Sponge processing for isolation of culturable bacteria.
Immediately after the sponges were collected, samples were rinsed thoroughly three times with sterile artificial seawater to remove any transient bacteria, algae, or mucus attached to the surface of the sponge. Sponge tissue (1 cm³) was ground in artificial seawater, and 10-fold serial dilutions were plated on Difco marine agar 2216 (BD Biosciences, Franklin Lakes, NJ). The plates were incubated at 30°C for a week. Serial dilutions of water samples were processed similarly for bacterial isolation.

Identification of isolates by 16S rRNA gene sequence analysis.
One representative of each bacterial morphotype was selected from each sample for further purification and sequencing. Single pure colonies of each isolate were transferred to 20 ml of marine broth 2216 (BD BioSciences) and incubated overnight at 30°C in a shaking incubator at 100 rpm. DNA was extracted from these isolates by using an Ultra-Clean microbial kit (MoBio Laboratories, Carlsbad, CA). Isolates were stored at –80°C in marine broth 2216 supplemented with 30% glycerol. The 16S rRNA gene was PCR amplified using universal primers 27F and 1492R (26) as described by Enticknap et al. (11).

DNA extraction from sponges and surrounding water samples.
Freeze-dried sponge tissue (1 cm³) was ground using a sterile mortar and pestle. Total genomic DNA was extracted using the method described by Pitcher et al. (47). The protocol was modified for sponge tissues (12). DNA was extracted from the filters obtained from seawater and aquarium water samples using the protocol described by Somerville et al. (56).
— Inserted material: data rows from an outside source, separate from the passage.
lemma dihedral_gram_entry:
  assumes "lorentz u w = gram_entry (Some m)" "0 < m"
  shows "dihedral u w = pi / real m"
proof -
  have "0 \<le> pi / real m" "pi / real m \<le> pi"
    using assms(2) by (auto simp: field_simps)
  then show ?thesis
    using assms(1) by (simp add: dihedral_def gram_entry_def arccos_cos)
qed

definition vec4 :: "real \<Rightarrow> real \<Rightarrow> real \<Rightarrow> real \<Rightarrow> real^4" where
  "vec4 a b c d = (\<chi> i. if i = 1 then a else if i = 2 then b else if i = 3 then c else d)"

lemma vec4_nth [simp]:
  "vec4 a b c d $ 1 = a" "vec4 a b c d $ 2 = b" "vec4 a b c d $ 3 = c" "vec4 a b c d $ 4 = d"
  by (simp_all add: vec4_def)

definition lvec :: "real \<Rightarrow> real \<Rightarrow> real \<Rightarrow> real \<Rightarrow> real \<Rightarrow> lor" where
  "lvec a b c d t = (vec4 a b c d, t)"

lemma lvec_cases:
  obtains a b c d t where "x = lvec a b c d t"
proof
  show "x = lvec (fst x $ 1) (fst x $ 2) (fst x $ 3) (fst x $ 4) (snd x)"
    by (simp add: lvec_def prod_eq_iff vec_eq_iff forall_4)
qed

lemma lvec_eq_iff:
  "lvec a b c d t = lvec a' b' c' d' t' \<longleftrightarrow> a = a' \<and> b = b' \<and> c = c' \<and> d = d' \<and> t = t'"
  by (auto simp: lvec_def vec_eq_iff forall_4)

lemma lvec_diff: "lvec a b c d t - lvec a' b' c' d' t' = lvec (a - a') (b - b') (c - c') (d - d') (t - t')"
  by (simp add: lvec_def vec_eq_iff forall_4)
Denaturing gradient gel electrophoresis (DGGE) of bacterial communities.
A 195-bp region corresponding to positions 341 and 534 in the 16S rRNA gene of Escherichia coli was PCR amplified from genomic DNA extracted from sponges and water samples using P2 and P3 primers (37). DGGE was performed by using a DCode system (Bio-Rad, Hercules, CA) on a 6% (wt/vol) polyacrylamide gel with a denaturing gradient of 40 to 70% in 1x Tris-acetate-EDTA. Electrophoresis was performed for 17 h at 60 V at 60°C. Gels were stained in a staining bath of Sybr green in 1x Tris-acetate-EDTA and visualized with a Typhoon 9410 image system (Amersham Biosciences, Piscataway, NJ).

PCR amplification of genomic DNA, cloning, and sequencing.
16S rRNA gene fragments were PCR amplified from the total genomic DNA isolated from sponge and water samples using the same protocol described for culturable isolates. Cycling conditions were as described previously, but the PCR was terminated after 15, 20, 25, or 30 cycles, with 30 cycles for the negative control sample (11). Amplification products were visualized by agarose gel electrophoresis. Visible bands of approximately 1,500 bp from the reactions with the least number of cycles were cut and gel purified. Corresponding areas from the negative control samples were excised and taken through the cloning procedure to provide strict negative controls. Purified PCR products were ligated into the pCR-XL-TOPO vector and transformed into OneShot TOP 10 chemically competent Escherichia coli cells using a TOPO XL PCR cloning kit (Invitrogen Life Technologies, Carlsbad, CA). Plasmid DNA was isolated from individual clones and purified using a SprintPrep 384 HC kit (Agencourt Bioscience, Beverly, MA). Sequencing was done using an ABI PRISM 3130xl genetic analyzer (Applied Biosystems, Foster City, CA) and M13 forward and reverse sequencing primers.

Phylogenetic analysis.
16S rRNA gene sequences from isolates were analyzed by using the BLASTn tool at the National Center for Biotechnology Information website. Isolates were presumptively identified according to the identity of the closest cultured relative in the top BLAST hits. 16S rRNA gene sequences from clone libraries were edited using PreGap4 and Gap4 from the Staden package and analyzed initially by using the BLAST tool to aid in the selection of the closest reference sequences. Chimeric sequences were identified by using the CHECK_CHIMERA program of the Ribosomal Database Project (29). Phylogenetic analyses of clone libraries were performed by using the ARB software package (28), and sequences were aligned by using the positional tree server with a data set containing the nearest relative matches. Trees were constructed using the neighbor-joining (Jukes-Cantor correction) (50) algorithms implemented in ARB. The robustness of the inferred tree topologies was evaluated after 1,000 bootstrap replicates of the neighbor-joining data. Bootstrap values were generated using Phylip version 3.6 (J. Felsenstein, Department of Genetics, University of Washington, Seattle, WA).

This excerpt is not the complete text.